• **REQUIREMENT**
Only the lines from the one containing "then show ?thesis using" to the end of the records belong in the output; print them exactly.

• **DATA**
lemma op_ind_tendsto_if_ind_op_tendsto:
  assumes T: "in_E M T" and lim: "\<forall>r>0. ((\<lambda>x. opnorm M (ind_op (cball x r) T)) \<longlongrightarrow> 0) \<xi>" and "r > 0"
  shows "((\<lambda>x. opnorm M (op_ind T (cball x r))) \<longlongrightarrow> 0) \<xi>"
proof (rule tendsto_zero_if_eventually_le)
  have bounded: "bounded_op M T" using T unfolding in_E_def by blast
  show "0 \<le> opnorm M (op_ind T (cball x r))" for x
    by (rule opnorm_nonneg[OF bounded_op_op_ind[OF bounded cball_sets]])
  fix \<epsilon> :: real assume "\<epsilon> > 0"
  then have small: "\<epsilon> / 3 > 0" by simp
  then obtain k K r0 where "kernel_approx M k K r0 T (\<epsilon> / 3)"
    using in_E_kernel_approx[OF T] by blast
  then interpret kernel_approx M k K r0 T "\<epsilon> / 3" .
  have "r + r0 > 0" using \<open>r > 0\<close> propagation_pos by simp
  have "eventually (\<lambda>x. opnorm M (ind_op (cball x (r + r0)) T) < \<epsilon> / 3) \<xi>"
    by (rule order_tendstoD(2)[OF lim[rule_format, OF \<open>r + r0 > 0\<close>] small])
  then show "eventually (\<lambda>x. opnorm M (op_ind T (cball x r)) \<le> \<epsilon>) \<xi>"
  proof (rule eventually_mono)
    fix x assume "opnorm M (ind_op (cball x (r + r0)) T) < \<epsilon> / 3"
    from opnorm_op_ind_le[OF this] show "opnorm M (op_ind T (cball x r)) \<le> \<epsilon>" by simp
  qed
qed

lemma bdd_below_opnorm_ind_op:
  "bounded_op M T \<Longrightarrow> bdd_below ((\<lambda>F. opnorm M (ind_op F T)) ` {F \<in> \<eta>. F \<in> sets M})"
  by (intro bdd_belowI[of _ 0]) (auto intro: opnorm_nonneg bounded_op_ind_op)

lemma co_filter_sets_nonempty: "{F \<in> co_filter \<xi>. F \<in> sets M} \<noteq> {}"
  using UNIV_in_co_filter[of \<xi>] sets.top[of M] by auto

lemma ind_op_tendsto_if_J_ideal:
  assumes T: "T \<in> J_ideal M (co_filter \<xi>)" and "r > 0"
  shows "((\<lambda>x. opnorm M (ind_op (cball x r) T)) \<longlongrightarrow> 0) \<xi>"
proof (rule tendsto_zero_if_eventually_le)
  have bounded: "bounded_op M T" using T unfolding J_ideal_def in_E_def by blast
  show "0 \<le> opnorm M (ind_op (cball x r) T)" for x
    by (rule opnorm_nonneg[OF bounded_op_ind_op[OF bounded cball_sets]])
  fix \<epsilon> :: real assume "\<epsilon> > 0"
  have "(INF F \<in> {F \<in> co_filter \<xi>. F \<in> sets M}. opnorm M (ind_op F T)) < \<epsilon>"
    using T \<open>\<epsilon> > 0\<close> unfolding J_ideal_def by simp
  then obtain F where F: "F \<in> co_filter \<xi>" "F \<in> sets M" and small: "opnorm M (ind_op F T) < \<epsilon>"
    unfolding cINF_less_iff[OF co_filter_sets_nonempty bdd_below_opnorm_ind_op[OF bounded]] by blast
  have "eventually (\<lambda>x. x \<in> inner_set r F) \<xi>" using F(1) \<open>r > 0\<close> unfolding co_filter_def by blast
  then show "eventually (\<lambda>x. opnorm M (ind_op (cball x r) T) \<le> \<epsilon>) \<xi>"
  proof (rule eventually_mono)
    fix x assume "x \<in> inner_set r F"
    then have "opnorm M (ind_op (cball x r) T) \<le> opnorm M (ind_op F T)"
      by (intro opnorm_ind_op_mono[OF bounded cball_subset_of_inner_set cball_sets F(2)])
    then show "opnorm M (ind_op (cball x r) T) \<le> \<epsilon>" using small by simp
  qed
qed

lemma J_ideal_if_ind_op_tendsto:
  assumes T: "in_E M T" and lim: "\<forall>r>0. ((\<lambda>x. opnorm M (ind_op (cball x r) T)) \<longlongrightarrow> 0) \<xi>"
  shows "T \<in> J_ideal M (co_filter \<xi>)"
proof -
  have bounded: "bounded_op M T" using T unfolding in_E_def by blast
  have small: "(INF F \<in> {F \<in> co_filter \<xi>. F \<in> sets M}. opnorm M (ind_op F T)) \<le> 0 + \<epsilon>" if "\<epsilon> > 0" for \<epsilon>
  proof -
    obtain k K r0 where "kernel_approx M k K r0 T (\<epsilon> / 5)"
      using in_E_kernel_approx[OF T] \<open>\<epsilon> > 0\<close> by (meson divide_pos_pos zero_less_numeral)
    then interpret kernel_approx M k K r0 T "\<epsilon> / 5" .
    obtain F where "F \<in> sets M" "F \<in> co_filter \<xi>" "opnorm M (ind_op F T) \<le> 5 * (\<epsilon> / 5)"
      by (rule co_filter_set_small[OF lim])
    then show ?thesis
      by (intro cINF_lower2[OF bdd_below_opnorm_ind_op[OF bounded]]) simp_all
  qed
  have "(INF F \<in> {F \<in> co_filter \<xi>. F \<in> sets M}. opnorm M (ind_op F T)) = 0"
  proof (rule antisym)
    show "(INF F \<in> {F \<in> co_filter \<xi>. F \<in> sets M}. opnorm M (ind_op F T)) \<le> 0"
      by (rule field_le_epsilon[OF small])
    show "0 \<le> (INF F \<in> {F \<in> co_filter \<xi>. F \<in> sets M}. opnorm M (ind_op F T))"
      by (rule cINF_greatest[OF co_filter_sets_nonempty opnorm_nonneg[OF bounded_op_ind_op[OF bounded]]]) simp
  qed
  then show ?thesis using T unfolding J_ideal_def by blast
qed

• **SOLUTION FOR THIS EXERCISE**
  then show ?thesis using T unfolding J_ideal_def by blast
qed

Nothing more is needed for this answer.